- Born: 1888
- Died: June 22, 1973 (aged 84–85)
- Occupation: Social reformer
- Known for: Suffragist

= Helen Valeska Bary =

American suffragist

Helen Valeska Bary (1888 - June 22, 1973) was an American suffragist and helped establish the U.S. government social welfare administration. She campaigned for suffrage at the state and local level. In 1914, she worked for the California Industrial Welfare Commission investigating the working conditions of women laundry workers, which she wrote about in her report, "The Employment of Women and Minors in the Laundry Industry of California" in 1917. Shortly after World War I, she worked in Porto Rico for the Federal Children's Bureau as a researcher and social reformer, reporting on the living conditions of indigent and homeless children on the island. In her 1921 paper, "The Trend of Child Welfare Work", published in the North American Review, Bary wrote, "The greatest enemy of childhood has been the fatalistic complacency with which every phase of child life has been regarded". Bary worked for the federal Social Security Board (SSB) since its inception in 1935 during the Great Depression. She worked there until 1948, representing the SSB in western states, helping them to develop social welfare reform plans in order to receive federal money.
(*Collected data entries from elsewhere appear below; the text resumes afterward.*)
(* Let $D$ be a pv-monoid (idempotent, with symmetric valuation function), $P$ a nonempty finite set of ports and $\zeta\in PCL(D,P)$. Then for every $\gamma\in C(P)$, \[\|\sim\zeta\|(\gamma)=\bigoplus_{\gamma'\in C(P),\ \gamma'\subseteq\gamma}\|\zeta\|(\gamma').\]
   Context: A valuation monoid $(D,\oplus,\mathrm{val},0)$ consists of a commutative monoid $(D,\oplus,0)$ and a map $\mathrm{val}:D^+\to D$ ($D^+$ = nonempty finite sequences over $D$) with $\mathrm{val}(d)=d$ and $\mathrm{val}(d_1,\dots,d_n)=0$ whenever some $d_i=0$. A pv-monoid $(D,\oplus,\mathrm{val},\otimes,0,1)$ is a valuation monoid with a binary operation $\otimes$ and an element $1$ such that $\mathrm{val}(1,\dots,1)=1$ for any $n\ge1$ arguments, $0\otimes d=d\otimes0=0$, $1\otimes d=d\otimes1=d$. Standing assumption: $D$ is idempotent ($d\oplus d=d$) and $\mathrm{val}$ is symmetric. $I(P)$ is the set of nonempty subsets of $P$, $C(P)$ the set of nonempty subsets of $I(P)$. PIL formulas: $\phi::=true\mid p\mid\overline{\phi}\mid\phi\vee\phi$ ($p\in P$), $\alpha\models_i p$ iff $p\in\alpha$, other connectives as usual. PCL formulas: $f::=true\mid\phi\mid\neg f\mid f\sqcup f\mid f+f$; $\gamma\models\phi$ iff every $\alpha\in\gamma$ satisfies $\phi$; $\neg,\sqcup$ are complement and union; $\gamma\models f_1+f_2$ iff $\gamma=\gamma_1\cup\gamma_2$ with $\gamma_1,\gamma_2\in C(P)$, $\gamma_1\models f_1,\gamma_2\models f_2$. w$_{\text{pvm}}$PCL formulas ($PCL(D,P)$): $\zeta::=d\mid f\mid\zeta\oplus\zeta\mid\zeta\otimes\zeta\mid\zeta\uplus\zeta\mid *\zeta$; semantics $\|\zeta\|:C(P)\to D$: $\|d\|(\gamma)=d$; $\|f\|(\gamma)\in\{0,1\}$ is $1$ iff $\gamma\models f$; $\oplus,\otimes$ pointwise; $\|\zeta_1\uplus\zeta_2\|(\gamma)=\bigoplus(\|\zeta_1\|(\gamma_1)\otimes\|\zeta_2\|(\gamma_2))$ over disjoint $\gamma_1,\gamma_2\in C(P)$ with union $\gamma$; $\|*\zeta\|(\gamma)=\bigoplus_{n>0}\bigoplus\mathrm{val}(\|\zeta\|(\gamma_1),\dots,\|\zeta\|(\gamma_n))$ over pairwise disjoint $\gamma_1,\dots,\gamma_n\in C(P)$ with union $\gamma$. The closure is $\sim\zeta:=\zeta\oplus(\zeta\uplus 1)$. *)

theory Defs
  imports "HOL-Library.Multiset"
begin

record 'd pvm =
  pplus  :: "'d \<Rightarrow> 'd \<Rightarrow> 'd"
  pval   :: "'d list \<Rightarrow> 'd"
  ptimes :: "'d \<Rightarrow> 'd \<Rightarrow> 'd"
  pzero  :: 'd
  pone   :: 'd

definition valuation_monoid :: "'d pvm \<Rightarrow> bool" where
  "valuation_monoid D \<longleftrightarrow>
     (\<forall>a b c. pplus D (pplus D a b) c = pplus D a (pplus D b c)) \<and>
     (\<forall>a b. pplus D a b = pplus D b a) \<and>
     (\<forall>a. pplus D (pzero D) a = a) \<and>
     (\<forall>d. pval D [d] = d) \<and>
     (\<forall>ds. ds \<noteq> [] \<and> pzero D \<in> set ds \<longrightarrow> pval D ds = pzero D)"

definition pv_monoid :: "'d pvm \<Rightarrow> bool" where
  "pv_monoid D \<longleftrightarrow> valuation_monoid D \<and>
     (\<forall>n. n \<ge> 1 \<longrightarrow> pval D (replicate n (pone D)) = pone D) \<and>
     (\<forall>d. ptimes D (pzero D) d = pzero D \<and> ptimes D d (pzero D) = pzero D) \<and>
     (\<forall>d. ptimes D (pone D) d = d \<and> ptimes D d (pone D) = d)"

definition idempotent_pvm :: "'d pvm \<Rightarrow> bool" where
  "idempotent_pvm D \<longleftrightarrow> (\<forall>d. pplus D d d = d)"

definition symmetric_val :: "'d pvm \<Rightarrow> bool" where
  "symmetric_val D \<longleftrightarrow> (\<forall>ds es. ds \<noteq> [] \<and> mset ds = mset es \<longrightarrow> pval D ds = pval D es)"

definition bigplus :: "'d pvm \<Rightarrow> 'i set \<Rightarrow> ('i \<Rightarrow> 'd) \<Rightarrow> 'd" where
  "bigplus D A f = Finite_Set.fold (\<lambda>x acc. pplus D (f x) acc) (pzero D) A"

definition Ip :: "'p set \<Rightarrow> 'p set set" where
  "Ip P = {a. a \<subseteq> P \<and> a \<noteq> {}}"

definition Cp :: "'p set \<Rightarrow> 'p set set set" where
  "Cp P = {g. g \<subseteq> Ip P \<and> g \<noteq> {}}"

datatype 'p pil = PTrue | PPort 'p | PNeg "'p pil" | POr "'p pil" "'p pil"

primrec pil_sat :: "'p set \<Rightarrow> 'p pil \<Rightarrow> bool" where
  "pil_sat a PTrue = True"
| "pil_sat a (PPort p) = (p \<in> a)"
| "pil_sat a (PNeg \<phi>) = (\<not> pil_sat a \<phi>)"
| "pil_sat a (POr \<phi> \<psi>) = (pil_sat a \<phi> \<or> pil_sat a \<psi>)"

datatype 'p pcl = CTrue | CPil "'p pil" | CNeg "'p pcl" | CUnion "'p pcl" "'p pcl"
  | CPlus "'p pcl" "'p pcl"

primrec pcl_sat :: "'p set \<Rightarrow> 'p set set \<Rightarrow> 'p pcl \<Rightarrow> bool" where
  "pcl_sat P g CTrue = True"
| "pcl_sat P g (CPil \<phi>) = (\<forall>a\<in>g. pil_sat a \<phi>)"
| "pcl_sat P g (CNeg f) = (\<not> pcl_sat P g f)"
| "pcl_sat P g (CUnion f1 f2) = (pcl_sat P g f1 \<or> pcl_sat P g f2)"
| "pcl_sat P g (CPlus f1 f2) =
     (\<exists>g1 g2. g1 \<in> Cp P \<and> g2 \<in> Cp P \<and> g = g1 \<union> g2 \<and> pcl_sat P g1 f1 \<and> pcl_sat P g2 f2)"

datatype ('d,'p) wpcl = WConst 'd | WF "'p pcl" | WPlus "('d,'p) wpcl" "('d,'p) wpcl"
  | WTimes "('d,'p) wpcl" "('d,'p) wpcl" | WShuffle "('d,'p) wpcl" "('d,'p) wpcl"
  | WStar "('d,'p) wpcl"

definition decomps :: "'p set \<Rightarrow> 'p set set \<Rightarrow> 'p set set list set" where
  "decomps P g = {gs. gs \<noteq> [] \<and> set gs \<subseteq> Cp P \<and>
      (\<forall>i j. i < j \<and> j < length gs \<longrightarrow> gs ! i \<inter> gs ! j = {}) \<and> \<Union>(set gs) = g}"

primrec wsem :: "'d pvm \<Rightarrow> 'p set \<Rightarrow> ('d,'p) wpcl \<Rightarrow> 'p set set \<Rightarrow> 'd" where
  "wsem D P (WConst d) g = d"
| "wsem D P (WF f) g = (if pcl_sat P g f then pone D else pzero D)"
| "wsem D P (WPlus z1 z2) g = pplus D (wsem D P z1 g) (wsem D P z2 g)"
| "wsem D P (WTimes z1 z2) g = ptimes D (wsem D P z1 g) (wsem D P z2 g)"
| "wsem D P (WShuffle z1 z2) g =
     bigplus D {(g1, g2). g1 \<in> Cp P \<and> g2 \<in> Cp P \<and> g1 \<inter> g2 = {} \<and> g1 \<union> g2 = g}
       (\<lambda>(g1, g2). ptimes D (wsem D P z1 g1) (wsem D P z2 g2))"
| "wsem D P (WStar z) g =
     bigplus D (decomps P g) (\<lambda>gs. pval D (map (wsem D P z) gs))"

definition wclosure :: "'d pvm \<Rightarrow> ('d,'p) wpcl \<Rightarrow> ('d,'p) wpcl" where
  "wclosure D z = WPlus z (WShuffle z (WConst (pone D)))"

end

theory Submission
  imports Defs
begin

text \<open>Shuffling with the constant 1 splits \<open>\<gamma>\<close> into a part \<open>\<gamma>\<^sub>1\<close> evaluated by \<open>\<zeta>\<close> and a
  nonempty remainder evaluated to 1; since the remainder is determined by \<open>\<gamma>\<^sub>1\<close>, the
  sum ranges exactly over the proper sub-configurations of \<open>\<gamma>\<close>. Adding \<open>\<zeta>\<close> itself
  contributes the missing summand \<open>\<gamma>' = \<gamma>\<close>.\<close>

lemma valuation_monoid_comm_monoid_set:
  assumes "valuation_monoid D"
  shows "comm_monoid_set (pplus D) (pzero D)"
  by unfold_locales (use assms in \<open>auto simp: valuation_monoid_def\<close>)

lemma bigplus_eq_comm_monoid_set_F:
  assumes "valuation_monoid D"
  shows "bigplus D A f = comm_monoid_set.F (pplus D) (pzero D) f A"
proof -
  interpret comm_monoid_set "pplus D" "pzero D"
    using assms by (rule valuation_monoid_comm_monoid_set)
  show ?thesis by (simp add: bigplus_def eq_fold comp_def)
qed

lemma bigplus_insert:
  assumes "valuation_monoid D" and "finite A" and "x \<notin> A"
  shows "bigplus D (insert x A) f = pplus D (f x) (bigplus D A f)"
proof -
  interpret comm_monoid_set "pplus D" "pzero D"
    using assms(1) by (rule valuation_monoid_comm_monoid_set)
  show ?thesis using assms by (simp add: bigplus_eq_comm_monoid_set_F)
qed

lemma bigplus_reindex:
  assumes "valuation_monoid D" and "inj_on h A"
  shows "bigplus D (h ` A) f = bigplus D A (f \<circ> h)"
proof -
  interpret comm_monoid_set "pplus D" "pzero D"
    using assms(1) by (rule valuation_monoid_comm_monoid_set)
  show ?thesis using assms by (simp add: bigplus_eq_comm_monoid_set_F reindex)
qed

lemma finite_Cp:
  assumes "finite P"
  shows "finite (Cp P)"
  by (rule finite_subset[of _ "Pow (Pow P)"]) (use assms in \<open>auto simp: Cp_def Ip_def\<close>)

lemma fst_disjoint_splittings_Cp:
  assumes "g \<in> Cp P"
  shows "fst ` {(g1, g2). g1 \<in> Cp P \<and> g2 \<in> Cp P \<and> g1 \<inter> g2 = {} \<and> g1 \<union> g2 = g}
           = {g'. g' \<in> Cp P \<and> g' \<subset> g}"
    (is "fst ` ?S = ?T")
proof
  show "fst ` ?S \<subseteq> ?T"
    by (auto simp: Cp_def) blast
  show "?T \<subseteq> fst ` ?S"
  proof
    fix g1 assume "g1 \<in> ?T"
    then have "(g1, g - g1) \<in> ?S" using assms by (auto simp: Cp_def)
    then show "g1 \<in> fst ` ?S" by force
  qed
qed

lemma wsem_shuffle_one:
  assumes "pv_monoid D" and "g \<in> Cp P"
  shows "wsem D P (WShuffle z (WConst (pone D))) g
           = bigplus D {g'. g' \<in> Cp P \<and> g' \<subset> g} (wsem D P z)"
proof -
  let ?S = "{(g1, g2). g1 \<in> Cp P \<and> g2 \<in> Cp P \<and> g1 \<inter> g2 = {} \<and> g1 \<union> g2 = g}"
  have vm: "valuation_monoid D" and one: "\<And>d. ptimes D d (pone D) = d"
    using assms(1) by (simp_all add: pv_monoid_def)
  have "inj_on fst ?S" by (auto simp: inj_on_def)
  have "wsem D P (WShuffle z (WConst (pone D))) g = bigplus D ?S (\<lambda>(g1, g2). wsem D P z g1)"
    by (simp add: one)
  also have "\<dots> = bigplus D ?S (wsem D P z \<circ> fst)"
    by (rule arg_cong[where f = "bigplus D ?S"]) auto
  also have "\<dots> = bigplus D (fst ` ?S) (wsem D P z)"
    using bigplus_reindex[OF vm \<open>inj_on fst ?S\<close>] by simp
  finally show ?thesis
    by (simp only: fst_disjoint_splittings_Cp[OF assms(2)])
qed

theorem mainTheorem9:
  fixes D :: "'d pvm" and P :: "'p set" and z :: "('d,'p) wpcl" and g :: "'p set set"
  assumes "pv_monoid D" and "idempotent_pvm D" and "symmetric_val D"
    and "finite P" and "P \<noteq> {}"
    and "g \<in> Cp P"
  shows "wsem D P (wclosure D z) g = bigplus D {g'. g' \<in> Cp P \<and> g' \<subseteq> g} (wsem D P z)"
proof -
  let ?T = "{g'. g' \<in> Cp P \<and> g' \<subset> g}"
  have vm: "valuation_monoid D" using assms(1) by (simp add: pv_monoid_def)
  have "finite ?T" using finite_Cp[OF assms(4)] by (rule finite_subset[rotated]) auto
  have "{g'. g' \<in> Cp P \<and> g' \<subseteq> g} = insert g ?T" using assms(6) by auto
  then have "bigplus D {g'. g' \<in> Cp P \<and> g' \<subseteq> g} (wsem D P z)
               = pplus D (wsem D P z g) (bigplus D ?T (wsem D P z))"
    using bigplus_insert[OF vm \<open>finite ?T\<close>] by simp
  then show ?thesis
    unfolding wclosure_def wsem.simps(3) wsem_shuffle_one[OF assms(1,6)] by simp
qed

end
lemma invariant_orthogonal_comp:
  assumes "invariant V"
  shows "invariant (orthogonal_comp V)"
  unfolding invariant_iff
proof (intro conjI ballI subsetI)
  show "subspace (orthogonal_comp V)" by (rule subspace_orthogonal_comp)
  have "orthogonal_comp V = (\<Inter>v\<in>V. {x. inner v x = 0})"
    by (auto simp: orthogonal_comp_def orthogonal_def)
  then show "closed (orthogonal_comp V)" by (simp add: closed_INT closed_hyperplane)
  fix y assume "y \<in> J ` orthogonal_comp V"
  then obtain x where x: "x \<in> orthogonal_comp V" "y = J x" by blast
  have "inner v (J x) = 0" if "v \<in> V" for v
  proof -
    have "J v \<in> V" using invariantD(3)[OF assms] that by blast
    then show ?thesis
      using x(1) inner_J_left[of v x] by (auto simp: orthogonal_comp_def orthogonal_def)
  qed
  then show "y \<in> orthogonal_comp V" by (simp add: x(2) orthogonal_comp_def orthogonal_def)
next
  fix g y assume g: "g \<in> carrier G" and "y \<in> \<pi> g ` orthogonal_comp V"
  then obtain x where x: "x \<in> orthogonal_comp V" "y = \<pi> g x" by blast
  have "inner v (\<pi> g x) = 0" if "v \<in> V" for v
  proof -
    have "\<pi> (inv\<^bsub>G\<^esub> g) v \<in> V" using invariantD(4)[OF assms inv_closed[OF g]] that by blast
    then have "inner (\<pi> (inv\<^bsub>G\<^esub> g) v) x = 0"
      using x(1) by (auto simp: orthogonal_comp_def orthogonal_def)
    then show ?thesis
      using inner_pi_left[OF g, of x v] by (simp add: inner_commute)
  qed
  then show "y \<in> orthogonal_comp V" by (simp add: x(2) orthogonal_comp_def orthogonal_def)
qed

lemma orth_proj_pi:
  assumes "invariant D" "g \<in> carrier G"
  shows "orth_proj D (\<pi> g x) = \<pi> g (orth_proj D x)"
proof (rule orth_proj_eqI[OF invariantD(1,2)[OF assms(1)]])
  note D = invariantD[OF assms(1)]
  show "\<pi> g (orth_proj D x) \<in> D" using D(4)[OF assms(2)] orth_proj(1)[OF D(1,2)] by blast
  fix z assume "z \<in> D"
  then have "\<pi> (inv\<^bsub>G\<^esub> g) z \<in> D" using D(4)[OF inv_closed[OF assms(2)]] by blast
  then have "inner (x - orth_proj D x) (\<pi> (inv\<^bsub>G\<^esub> g) z) = 0" by (rule orth_proj(2)[OF D(1,2)])
  then show "inner (\<pi> g x - \<pi> g (orth_proj D x)) z = 0"
    using inner_pi_left[OF assms(2)] by (simp add: linear_diff[OF pi_linear[OF assms(2)], symmetric])
qed

lemma orth_proj_J:
  assumes "invariant D"
  shows "orth_proj D (J x) = J (orth_proj D x)"
proof (rule orth_proj_eqI[OF invariantD(1,2)[OF assms]])
  note D = invariantD[OF assms]
  show "J (orth_proj D x) \<in> D" using D(3) orth_proj(1)[OF D(1,2)] by blast
  fix z assume "z \<in> D"
  then have "inner (x - orth_proj D x) (J z) = 0" using D(3) orth_proj(2)[OF D(1,2)] by blast
  then show "inner (J x - J (orth_proj D x)) z = 0"
    using inner_J_left by (simp add: linear_diff[OF J_linear, symmetric])
qed

lemma invariant_acl: "invariant (acl A)"
proof -
  let ?X = "\<Union>g\<in>carrier G. \<pi> g ` A \<union> J ` \<pi> g ` A"
  have "\<pi> g x \<in> span ?X" if g: "g \<in> carrier G" and "x \<in> ?X" for g x
  proof -
    obtain h a where h: "h \<in> carrier G" "a \<in> A" "x = \<pi> h a \<or> x = J (\<pi> h a)"
      using \<open>x \<in> ?X\<close> by blast
    then have "\<pi> g x = \<pi> (g \<otimes>\<^bsub>G\<^esub> h) a \<or> \<pi> g x = J (\<pi> (g \<otimes>\<^bsub>G\<^esub> h) a)"
      using g by (auto simp: pi_mult pi_J)
    then show ?thesis using m_closed[OF g h(1)] h(2) by (blast intro: span_base)
  qed
  moreover have "J x \<in> span ?X" if "x \<in> ?X" for x
  proof -
    obtain h a where h: "h \<in> carrier G" "a \<in> A" "x = \<pi> h a \<or> x = J (\<pi> h a)"
      using \<open>x \<in> ?X\<close> by blast
    from h(3) show ?thesis
    proof
      assume "x = \<pi> h a"
      then have "J x \<in> ?X" using h by blast
      then show ?thesis by (rule span_base)
    next
      assume "x = J (\<pi> h a)"
      moreover have "\<pi> h a \<in> ?X" using h by blast
      ultimately show ?thesis by (simp add: span_neg span_base)
    qed
  qed
  ultimately show ?thesis unfolding acl_pi_def by (rule invariant_closure_span)
qed

lemma subset_acl: "A \<subseteq> acl A"
proof
  fix a assume "a \<in> A"
  then have "a \<in> \<pi> \<one>\<^bsub>G\<^esub> ` A" by (rule image_eqI[where f = "\<pi> \<one>\<^bsub>G\<^esub>", OF pi_one[symmetric]])
  then have "a \<in> (\<Union>g\<in>carrier G. \<pi> g ` A \<union> J ` \<pi> g ` A)" by (intro UN_I[OF one_closed] UnI1)
  then show "a \<in> acl A" unfolding acl_pi_def by (rule subsetD[OF closure_subset span_base])
qed

lemma acl_minimal:
  assumes "invariant V" "A \<subseteq> V"
  shows "acl A \<subseteq> V"
proof -
  have "(\<Union>g\<in>carrier G. \<pi> g ` A \<union> J ` \<pi> g ` A) \<subseteq> V"
    using assms invariantD(3,4)[OF assms(1)] by blast
  then show ?thesis
    unfolding acl_pi_def using invariantD(1,2)[OF assms(1)] by (intro closure_minimal span_minimal)
qed

lemma acl_finite_span:
  assumes "finite A"
  obtains S where "finite S" "acl A = span S"
proof
  let ?X = "\<Union>g\<in>carrier G. \<pi> g ` A \<union> J ` \<pi> g ` A"
  show "finite ?X" using finite_carrier assms by auto
  then show "acl A = span ?X" by (simp add: acl_pi_def closed_span_finite)
qed

lemma exists_irred_subset:
  assumes "invariant W" "W \<noteq> {0}" "W \<subseteq> span S" "finite S"
  obtains U where "irred U" "U \<subseteq> W"
proof -
  define P where "P U \<longleftrightarrow> invariant U \<and> U \<subseteq> W \<and> U \<noteq> {0}" for U
  have "P W" using assms by (simp add: P_def)
  then obtain U where U: "P U" and U_min: "\<And>Y. P Y \<Longrightarrow> dim U \<le> dim Y"
    using ex_has_least_nat[of P W dim] by blast
  have "Y = {0} \<or> Y = U" if "invariant Y" "Y \<subseteq> U" for Y
  proof (rule ccontr)
    assume "\<not> (Y = {0} \<or> Y = U)"
    then have "P Y" and "Y \<subset> U" using that U by (auto simp: P_def)
    moreover have "U \<subseteq> span S" using U assms(3) by (auto simp: P_def)
    ultimately have "dim Y < dim U"
      using invariantD(1)[OF that(1)] assms(4) by (intro dim_psubset_finite_span)
    then show False using U_min[OF \<open>P Y\<close>] by simp
  qed
  then have "irred U" using U by (auto simp: irreducible_subrep_def P_def)
  then show ?thesis using U that by (simp add: P_def)
qed
lemma abs_dir_le: "\<bar>dir (Suc t) $ i\<bar> \<le> dir_bound"
proof (cases "v (Suc t) $ i = 0")
  case True
  then show ?thesis
    using betas_bounds by (simp add: dir_def dir_bound_def mom_ratio_def)
next
  case False
  then have v: "0 < v (Suc t) $ i"
    using v_nonneg[of "Suc t" i] by simp
  have m: "\<bar>m (Suc t) $ i\<bar> \<le> sqrt mom_ratio * sqrt (v (Suc t) $ i)"
    using m_sq_le[of "Suc t" i] by (metis real_le_rsqrt power2_abs real_sqrt_mult)
  have pos: "0 < 1 - b1 ^ Suc t" "0 < 1 - b2 ^ Suc t"
    using bias_correction_bounds[of t] betas_bounds by linarith+
  have "\<bar>dir (Suc t) $ i\<bar> = \<bar>m (Suc t) $ i\<bar> / (1 - b1 ^ Suc t) * \<bar>FLT blk alpha (m (Suc t)) $ i\<bar>
      / (sqrt (v (Suc t) $ i) / sqrt (1 - b2 ^ Suc t))"
    using pos v
    by (simp add: dir_def abs_mult real_sqrt_divide)
  also have "\<dots> \<le> (sqrt mom_ratio * sqrt (v (Suc t) $ i)) / (1 - b1) * 1 / (sqrt (v (Suc t) $ i) / 1)"
    using bias_correction_bounds[of t] betas_bounds pos v m FLT_cases[of blk alpha "m (Suc t)" i]
    by (intro divide_mono mult_mono frac_le) auto
  also have "\<dots> = dir_bound"
    using v by (simp add: dir_bound_def)
  finally show ?thesis .
qed

lemma norm_theta_step_le: "norm (\<theta> (Suc t) - \<theta> t) \<le> eta / sqrt (real (Suc t)) * (CARD('n) * dir_bound)"
proof -
  have "norm (dir (Suc t)) \<le> (\<Sum>i\<in>UNIV. \<bar>dir (Suc t) $ i\<bar>)"
    by (rule norm_le_l1_cart)
  also have "\<dots> \<le> CARD('n) * dir_bound"
    using sum_mono[of UNIV "\<lambda>i. \<bar>dir (Suc t) $ i\<bar>" "\<lambda>_. dir_bound"] abs_dir_le by simp
  finally have "eta / sqrt (real (Suc t)) * norm (dir (Suc t))
      \<le> eta / sqrt (real (Suc t)) * (CARD('n) * dir_bound)"
    using eta by (intro mult_left_mono) auto
  then show ?thesis
    using eta by (simp add: theta_Suc)
qed

definition "grad_drift = \<bar>Lc\<bar> * eta * (CARD('n) * dir_bound)"

lemma abs_g_Suc_diff_le: "\<bar>g (Suc t) $ i - g t $ i\<bar> \<le> grad_drift / sqrt (real (Suc t))"
proof -
  have "\<bar>g (Suc t) $ i - g t $ i\<bar> \<le> norm (g (Suc t) - g t)"
    using component_le_norm_cart[of "g (Suc t) - g t" i] by simp
  also have "\<dots> \<le> \<bar>Lc\<bar> * norm (\<theta> (Suc t) - \<theta> t)"
    using lipschitz[of "\<theta> (Suc t)" "\<theta> t"] abs_ge_self[of Lc]
    by (smt (verit) g_def mult_right_mono norm_ge_zero)
  also have "\<dots> \<le> grad_drift / sqrt (real (Suc t))"
    using mult_left_mono[OF norm_theta_step_le, of "\<bar>Lc\<bar>" t] by (simp add: grad_drift_def)
  finally show ?thesis .
qed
Shortly before her death in 1973, Bary was one of twelve women interviewed by Jacqueline Parker for her work on the Suffragist Oral History Project for the UC Berkeley Oral History Center, "in order to document their activities in behalf of passage of the Nineteenth Amendment and their continuing careers as leaders of movements for welfare and labor reform, world peace, and the passage of the Equal Rights Amendment".